When Florentino meets Fermina for the first time as a young man, he is inflicted not just with love, but also by sentimental and immature poetry. He writes a great deal, composing a whole suitcase of love letters to Fermina. But he doesn’t know how to control his writing. The first letter that he writes to Fermina, which was supposed to be a short note of love, ends up being a book of seventy pages.

This sentimental, immature love can’t possibly win him the woman he desires. He will have to write more, and with greater control. By the time he woos Fermina again after fifty-one years (almost a lifetime), he has written thousands of love letters for young couples who lack his vocabulary and flair, but want to send the most well-written letter to their lovers.

After Fermina throws him out of the house, he writes her a series of letters through which he eventually wins her over. For Garcia Marquez, it is as if his Fermina is the reader of his words, and Florentino Ariza, almost an alter ego of the author.
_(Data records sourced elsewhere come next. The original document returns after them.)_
definition cover_num :: "nat \<Rightarrow> real \<Rightarrow> nat" where
  "cover_num n \<epsilon> = Inf {card A | A. covering n \<epsilon> A}"

lemma cover_num_le: "covering n \<epsilon> A \<Longrightarrow> cover_num n \<epsilon> \<le> card A"
  unfolding cover_num_def by (rule cInf_lower) auto

lemma covering_from_spanning:
  assumes "0 < n" "spanning n \<epsilon> E"
  shows "covering n (2*\<epsilon>) ((\<lambda>y. {x. dn f n x y \<le> \<epsilon>}) ` E)"
  unfolding covering_def
proof (intro conjI ballI)
  show "finite ((\<lambda>y. {x. dn f n x y \<le> \<epsilon>}) ` E)" using assms unfolding spanning_def by auto
  show "\<Union> ((\<lambda>y. {x. dn f n x y \<le> \<epsilon>}) ` E) = UNIV" using assms unfolding spanning_def by auto
  fix B x z assume "B \<in> (\<lambda>y. {x. dn f n x y \<le> \<epsilon>}) ` E" "x \<in> B" "z \<in> B"
  then obtain y where "dn f n x y \<le> \<epsilon>" "dn f n z y \<le> \<epsilon>" by auto
  then show "dn f n x z \<le> 2 * \<epsilon>"
    using dn_triangle[OF assms(1), where f=f and x=x and y=y and z=z] dn_sym[where f=f and n=n and x=z and y=y] by linarith
qed
(* In the setting described in the context, \[ \mathbb{E}\bigg[\mathbf{1}\{\omega(n_{<x})=r\}\max_{y\in\mathcal{Y}}\Big(\frac{\tau(n_{<y})}{\operatorname{Log} y}\mathbf{1}\{\neg E_y\}\Big)\bigg]\ll \frac{1}{(\operatorname{Log}_2 x)^{9}}. \]
   Context: Notation: $\operatorname{Log} x\coloneqq\max\{1,\log x\}$, $\operatorname{Log}_2 x\coloneqq\operatorname{Log}(\operatorname{Log} x)$, $\operatorname{Log}_3 x\coloneqq\operatorname{Log}(\operatorname{Log}_2 x)$; $\omega(n)$ = number of distinct prime factors, $\tau(n)$ = number of divisors. Random model: for each prime $p$, $n_p$ equals $1$ with probability $\frac{p}{p+1}$ and $p$ with probability $\frac1{p+1}$, independently over $p$; $n_{<z}\coloneqq\prod_{p<z}n_p$. Setting: $\varepsilon>0$ is fixed, $x$ is sufficiently large in terms of $\varepsilon$, $r$ is an integer with $(1+\varepsilon)\operatorname{Log}_2 x\le r\le(2-\varepsilon)\operatorname{Log}_2 x$, and $\alpha$ is defined by $r=(1+\alpha)\operatorname{Log}_2 x$ (so $\varepsilon\le\alpha\le1-\varepsilon$). Let $\mathcal{Y}\coloneqq\{y>0: |\operatorname{Log}_2 y-\alpha\operatorname{Log}_2 x|\le\sqrt{\operatorname{Log}_2 x},\ \operatorname{Log}_2 y/\log 2\in\mathbb{Z}\}$. For $y\in\mathcal{Y}$, $E_y$ is the event $\log n_{<y}\le 10(\operatorname{Log}_3 x)\operatorname{Log} y$, and $\neg E_y$ its complement. Implied constants may depend on $\varepsilon$. *)

theory Defs
  imports "HOL-Probability.Probability" "HOL-Computational_Algebra.Primes"
begin

definition Log :: "real \<Rightarrow> real" where
  "Log x = max 1 (ln x)"

definition Log2 :: "real \<Rightarrow> real" where
  "Log2 x = Log (Log x)"

definition Log3 :: "real \<Rightarrow> real" where
  "Log3 x = Log (Log2 x)"

definition omega :: "nat \<Rightarrow> nat" where
  "omega n = card (prime_factors n)"

definition tau :: "nat \<Rightarrow> nat" where
  "tau n = card {d. d dvd n}"

definition np_pmf :: "nat \<Rightarrow> nat pmf" where
  "np_pmf p = map_pmf (\<lambda>b. if b then p else 1) (bernoulli_pmf (1 / (real p + 1)))"

definition rand_model :: "(nat \<Rightarrow> nat) measure" where
  "rand_model = (\<Pi>\<^sub>M p\<in>{p. prime p}. measure_pmf (np_pmf p))"

definition n_below :: "(nat \<Rightarrow> nat) \<Rightarrow> real \<Rightarrow> nat" where
  "n_below w z = (\<Prod>p\<in>{p. prime p \<and> real p < z}. w p)"

definition Yset :: "real \<Rightarrow> real \<Rightarrow> real set" where
  "Yset x \<alpha> = {y. y > 0 \<and> \<bar>Log2 y - \<alpha> * Log2 x\<bar> \<le> sqrt (Log2 x)
                   \<and> Log2 y / ln 2 \<in> \<int>}"

definition E_event :: "real \<Rightarrow> real \<Rightarrow> (nat \<Rightarrow> nat) \<Rightarrow> bool" where
  "E_event x y w \<longleftrightarrow> ln (real (n_below w y)) \<le> 10 * Log3 x * Log y"

end

theory Submission
  imports Defs
begin

(* Rankin's trick. For y in the set Y, outside E_y we have n_{<y}^(1/ln y) >= (Log_2 x)^10, so the
   y-term of the maximum is at most tau(n_{<y}) n_{<y}^(1/ln y) / ((Log_2 x)^10 ln y).  The expectation
   of tau(n_{<y}) n_{<y}^(1/ln y) factorises over the primes p < y into factors 1 + O(1/p + ln p/(p ln y)),
   whose product is O(ln y) by Mertens' theorems (derived here from Chebyshev's bound
   theta(n) <= 4 n ln 2).  Bounding the maximum by the sum over the O(sqrt (Log_2 x)) points of Y, and
   simply dropping the indicator of omega(n_{<x}) = r, gives O((Log_2 x)^-9). *)

section \<open>Chebyshev and Mertens bounds\<close>

lemma ln_of_nat_nonneg [simp]: "0 \<le> ln (real n)"
  by (cases "n = 0") auto

lemma sum_exponent_ln_le_ln:
  fixes m :: nat
  assumes "m > 0" "finite A" "A \<subseteq> {p. prime p}" "\<And>p. p \<in> A \<Longrightarrow> p ^ e p dvd m"
  shows "(\<Sum>p\<in>A. real (e p) * ln (real p)) \<le> ln (real m)"
proof -
  let ?g = "\<lambda>p. real (multiplicity p m) * ln (real p)"
  have ln_m: "ln (real m) = (\<Sum>p\<in>prime_factors m. ?g p)"
  proof -
    have "real m = real (\<Prod>p\<in>prime_factors m. p ^ multiplicity p m)"
      using prime_factorization_nat[OF assms(1)] by simp
    also have "\<dots> = (\<Prod>p\<in>prime_factors m. real p ^ multiplicity p m)" by simp
    finally have "ln (real m) = (\<Sum>p\<in>prime_factors m. ln (real p ^ multiplicity p m))"
      by (simp add: ln_prod in_prime_factors_imp_prime prime_gt_0_nat)
    then show ?thesis
      by (simp add: ln_realpow in_prime_factors_imp_prime prime_gt_0_nat)
  qed
  have "(\<Sum>p\<in>A. real (e p) * ln (real p)) \<le> (\<Sum>p\<in>A. ?g p)"
  proof (rule sum_mono)
    fix p assume p: "p \<in> A"
    then have "prime p" using assms(3) by auto
    moreover have "e p \<le> multiplicity p m"
      using assms(1) assms(4)[OF p] \<open>prime p\<close> by (intro multiplicity_geI) auto
    ultimately show "real (e p) * ln (real p) \<le> ?g p"
      by (intro mult_right_mono) auto
  qed
  also have "\<dots> = (\<Sum>p\<in>A \<inter> prime_factors m. ?g p)"
    using assms(1-3) by (intro sum.mono_neutral_right) (auto simp: prime_factors_multiplicity)
  also have "\<dots> \<le> (\<Sum>p\<in>prime_factors m. ?g p)"
    by (intro sum_mono2) auto
  finally show ?thesis using ln_m by simp
qed
lemma first_hit_eq_avoid_prob:
  "first_hit K (Suc n) x y = avoid_prob K y n x - avoid_prob K y (Suc n) x"
proof (induction n arbitrary: x)
  case 0
  have "taboo K y (\<lambda>_. 1) x = measure_pmf.expectation (K x) (\<lambda>z. 1 - indicator {y} z)"
    unfolding taboo_def by (intro Bochner_Integration.integral_cong) auto
  then show ?case
    by (simp add: avoid_prob_def integrable_measure_pmf_finite finite_support measure_pmf_single)
next
  case (Suc n)
  have "first_hit K (Suc (Suc n)) x y
      = taboo K y (\<lambda>z. avoid_prob K y n z - avoid_prob K y (Suc n) z) x"
    unfolding taboo_def first_hit.simps(3) Suc.IH ..
  then show ?case by (simp add: taboo_diff avoid_prob_Suc)
qed

lemma avoid_prob_descent:
  assumes c: "0 \<le> c" "c \<le> 1"
    and at_target: "\<And>x. x \<in> G \<Longrightarrow> d x = 0 \<Longrightarrow> x = y"
    and descent: "\<And>x. x \<in> G \<Longrightarrow> x \<noteq> y \<Longrightarrow> \<exists>z\<in>G. Suc (d z) = d x \<and> c \<le> pmf (K x) z"
  shows "x \<in> G \<Longrightarrow> x \<noteq> y \<Longrightarrow> avoid_prob K y (d x) x \<le> 1 - c ^ d x"
proof (induction "d x" arbitrary: x)
  case 0
  then show ?case using at_target by metis
next
  case (Suc L)
  obtain z where z: "z \<in> G" "Suc (d z) = d x" "c \<le> pmf (K x) z"
    using descent Suc.prems by blast
  have "d z = L" using z(2) Suc.hyps(2) by simp
  then have "(if z = y then 0 else avoid_prob K y L z) \<le> 1 - c ^ L"
    using Suc.hyps(1)[of z] z c by (auto intro: power_le_one)
  then have "avoid_prob K y (Suc L) x \<le> 1 - pmf (K x) z * c ^ L"
    unfolding avoid_prob_Suc using Suc.prems c
    by (intro taboo_le_one_minus) (auto intro: avoid_prob_le_one)
  also have "\<dots> \<le> 1 - c ^ Suc L"
    using z c by (simp add: mult_right_mono)
  finally show ?case using Suc.hyps(2) by simp
qed

lemma avoid_prob_telescope_le:
  assumes "x \<in> G"
  shows "(\<Sum>n<N. avoid_prob K y n x - avoid_prob K y (n + k) x) \<le> k"
proof -
  let ?r = "\<lambda>n. avoid_prob K y n x"
  have "?r n - ?r (n + k) = (\<Sum>j<k. ?r (j + n) - ?r (Suc (j + n)))" for n
    using sum_lessThan_telescope'[where f="\<lambda>j. ?r (j + n)"] by (simp add: add.commute)
  then have "(\<Sum>n<N. ?r n - ?r (n + k)) = (\<Sum>n<N. \<Sum>j<k. ?r (j + n) - ?r (Suc (j + n)))"
    by simp
  also have "\<dots> = (\<Sum>j<k. ?r j - ?r (j + N))"
  proof -
    have "(\<Sum>n<N. ?r (j + n) - ?r (Suc (j + n))) = ?r j - ?r (j + N)" for j
      using sum_lessThan_telescope'[where f="\<lambda>n. ?r (j + n)"] by simp
    then show ?thesis by (subst sum.swap) simp
  qed
  also have "\<dots> \<le> (\<Sum>j<k. 1)"
    using assms by (intro sum_mono) (smt (verit) avoid_prob_nonneg avoid_prob_le_one)
  finally show ?thesis by simp
qed
lemma d2_AE_eq_if_H2_rep:
  assumes H: "H2_rep a b f f1 f2" and ab: "a < b"
  shows "AE x in lborel. x \<in> {a..b} \<longrightarrow> d2 a b f x = f2 x"
proof (rule AE_eq_if_set_integral_Icc_eq)
  have H': "H2_rep a b f (d1 a b f) (d2 a b f)"
    using H by (intro H2_rep_d1_d2) (auto simp: H2_edge_def)
  then show "set_integrable lborel {a..b} (d2 a b f)" unfolding H2_rep_def by blast
  show "set_integrable lborel {a..b} f2" using H unfolding H2_rep_def by blast
  fix x assume x: "x \<in> {a..b}"
  have "d1 a b f x = d1 a b f a + set_lebesgue_integral lborel {a..x} (d2 a b f)"
    using H' x unfolding H2_rep_def by blast
  moreover have "f1 x = f1 a + set_lebesgue_integral lborel {a..x} f2"
    using H x unfolding H2_rep_def by blast
  moreover have "d1 a b f x = f1 x" "d1 a b f a = f1 a"
    using d1_eq_if_H2_rep[OF H ab] x ab by auto
  ultimately show "set_lebesgue_integral lborel {a..x} (d2 a b f)
      = set_lebesgue_integral lborel {a..x} f2"
    by simp
qed

lemma set_integral_cong_AE_if_set_integrable:
  fixes f g :: "real \<Rightarrow> 'b::{banach, second_countable_topology}"
  assumes "set_integrable lborel A f" "set_integrable lborel A g"
    and "AE x in lborel. x \<in> A \<longrightarrow> f x = g x"
  shows "set_lebesgue_integral lborel A f = set_lebesgue_integral lborel A g"
  unfolding set_lebesgue_integral_def
proof (rule integral_cong_AE)
  show "(\<lambda>x. indicat_real A x *\<^sub>R f x) \<in> borel_measurable lborel"
    "(\<lambda>x. indicat_real A x *\<^sub>R g x) \<in> borel_measurable lborel"
    using assms(1,2) unfolding set_integrable_def by (auto intro: borel_measurable_integrable)
  show "AE x in lborel. indicat_real A x *\<^sub>R f x = indicat_real A x *\<^sub>R g x"
    using assms(3) by eventually_elim (auto simp: indicator_def)
qed
text \<open>If T contains a new edge, replacing each new edge v1v4 (v1'v4') at a vertex by the edge
  of the path v1 v2 v3 v4 (v1' v2 v3 v4') it shortcuts shows that T together with v2, v3 has
  minimum degree two in G.\<close>
lemma min_deg2_lifts_new:
  assumes md: "min_deg2 E' ends' T" and new: "{v1, v4} \<subseteq> T \<or> {v1', v4'} \<subseteq> T"
  shows "min_deg2 E ends (T \<union> {v2, v3})"
proof -
  define orig where "orig u e = (case e of Inl g \<Rightarrow> g
      | Inr True \<Rightarrow> if u = v1 then e12 else e34 | Inr False \<Rightarrow> if u = v1' then f2 else f3)" for u e
  show ?thesis
  proof (rule min_deg2_transfer[OF md _, of _ orig])
    show "orig u e \<in> E \<and> incident ends (orig u e) u \<and> inside ends (T \<union> {v2, v3}) (orig u e)"
      if "e \<in> E'" "incident ends' e u" "inside ends' T e" for u e
    proof (cases e rule: split_edge_cases)
      case (old g) then show ?thesis using that by (auto simp: orig_def incident_def inside_def)
    next
      case new_v1v4
      then have "u = v1 \<or> u = v4" "v1 \<in> T" "v4 \<in> T" using that by (auto simp: incident_def inside_def)
      then show ?thesis using new_v1v4 ends_of_path_edges(1,3) path_edges(1,3)
        by (auto simp: orig_def incident_def inside_def)
    next
      case new_v1'v4'
      then have "u = v1' \<or> u = v4'" "v1' \<in> T" "v4' \<in> T" using that by (auto simp: incident_def inside_def)
      then show ?thesis using new_v1'v4' ends_of_path_edges(4,5) third_edge_v2(1) third_edge_v3(1)
        by (auto simp: orig_def incident_def inside_def)
    qed
    show "orig u e1 \<noteq> orig u e2"
      if "u \<in> T" "e1 \<in> E'" "e2 \<in> E'" "e1 \<noteq> e2" "incident ends' e1 u" "incident ends' e2 u"
        "inside ends' T e1" "inside ends' T e2" for u e1 e2
    proof -
      have old_avoids: "g \<notin> {e12, e23, e34, f2, f3}" if "Inl g \<in> E'" for g
        using that ends_of_path_edges by auto
      show ?thesis
        using that old_avoids distinct_edges
        by (cases e1 rule: split_edge_cases; cases e2 rule: split_edge_cases) (auto simp: orig_def)
    qed
    show "two_edges_at E ends (T \<union> {v2, v3}) u" if "u \<in> T \<union> {v2, v3} - T" for u
      using that path_interior_two_edges[OF new] by auto
  qed auto
qed
(* Consider a homogeneous controlled queueing network $\{X_n,n\ge 0\}$ on $\mathcal{S}=\mathbb{Z}_+^M$ with action drift matrix $\mathbf{D}$. Suppose that $\mathrm{rank}(\mathbf{D})<M$ and that the following non-degeneracy condition holds: the system $\mathbf{D}\boldsymbol{\alpha}=\mathbf{0}$ has a solution $\boldsymbol{\alpha}\in\mathbb{R}^M$ such that for every $\mathbf{x}\in\mathcal{S}$ and every $a\in\mathcal{A}(\mathbf{x})$, $\mathbb{P}_a(\boldsymbol{\alpha}'X_1\neq\boldsymbol{\alpha}'\mathbf{x}\mid X_0=\mathbf{x})>0$. Then the network is non-stabilizable.
   Context: A homogeneous controlled queueing network is a controlled discrete-time Markov chain $\{X_n,n\ge0\}$ with state space $\mathcal{S}=\mathbb{Z}_+^M$. For each $\mathbf{z}\in\mathcal{S}$, $\mathcal{A}(\mathbf{z})$ is the set of actions available at $\mathbf{z}$, and $\mathcal{A}=\bigcup_{\mathbf{z}}\mathcal{A}(\mathbf{z})=\{a_1,\dots,a_L\}$ is finite. A (deterministic stationary) policy is a function $\mathcal{P}:\mathcal{S}\to\mathcal{A}$ with $\mathcal{P}(\mathbf{z})\in\mathcal{A}(\mathbf{z})$; under any policy $X_n\in\mathcal{S}$ for all $n$. When action $a$ is taken in state $\mathbf{z}$, transitions follow $\mathbb{P}_a(X_{n+1}=\cdot\mid X_n=\mathbf{z})$, and homogeneity means $\tilde P_a(\mathbf{x}):=\mathbb{P}_a(X_{n+1}-\mathbf{z}=\mathbf{x}\mid X_n=\mathbf{z})$ does not depend on $\mathbf{z}$. With $\mathbf{e}_i$ the canonical row vectors of $\mathbb{R}^M$, the set $\mathcal{D}=\{\mathbf{x}:\tilde P_a(\mathbf{x})>0\text{ for some }a\in\mathcal{A}\}$ consists only of vectors of the forms $\mathbf{e}_i$, $-\mathbf{e}_i$, or $\mathbf{e}_i-\mathbf{e}_j$ with $i\neq j$. The drift vector of action $a_i$ is $\boldsymbol{\Delta}_i=\mathbb{E}_{a_i}[X_{n+1}-X_n\mid X_n]=\sum_{\mathbf{x}}\mathbf{x}\,\tilde P_{a_i}(\mathbf{x})$, and the action drift matrix $\mathbf{D}$ is the $L\times M$ matrix with rows $\boldsymbol{\Delta}_i'$, $i=1,\dots,L$. The network is non-stabilizable if there is no policy under which the chain has a positive recurrent class that is reached with probability 1. *)

theory Defs
  imports "HOL-Probability.Probability"
begin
Love in The Time of Cholera is a novel not just of immortal epic love, but also of the power of writing. It is about the maturity of a writer, possibly arguing that to be mature one has to write many books. Garcia Marquez wins the reader over as Florentino Ariza, after writing thousands of uncountable letters (texts) through his life, gets Fermina in his old age. His sensibilities have matured, as is demonstrated in his new, refined prose. The book ends with suggestions of a new journey, lush with hope, hinting at the eternal flow of life, unlike the bleak finale of One Hundred Years of Solitude.

“And for how long do you think we can keep this goddamn coming and going?” the Captain of the ship asks Florentino. Florentino Ariza had kept his answer ready for fifty-three years, seven months, and eleven days and nights.
“Forever,” he said.

Aruni Kashyap is a novelist and translator.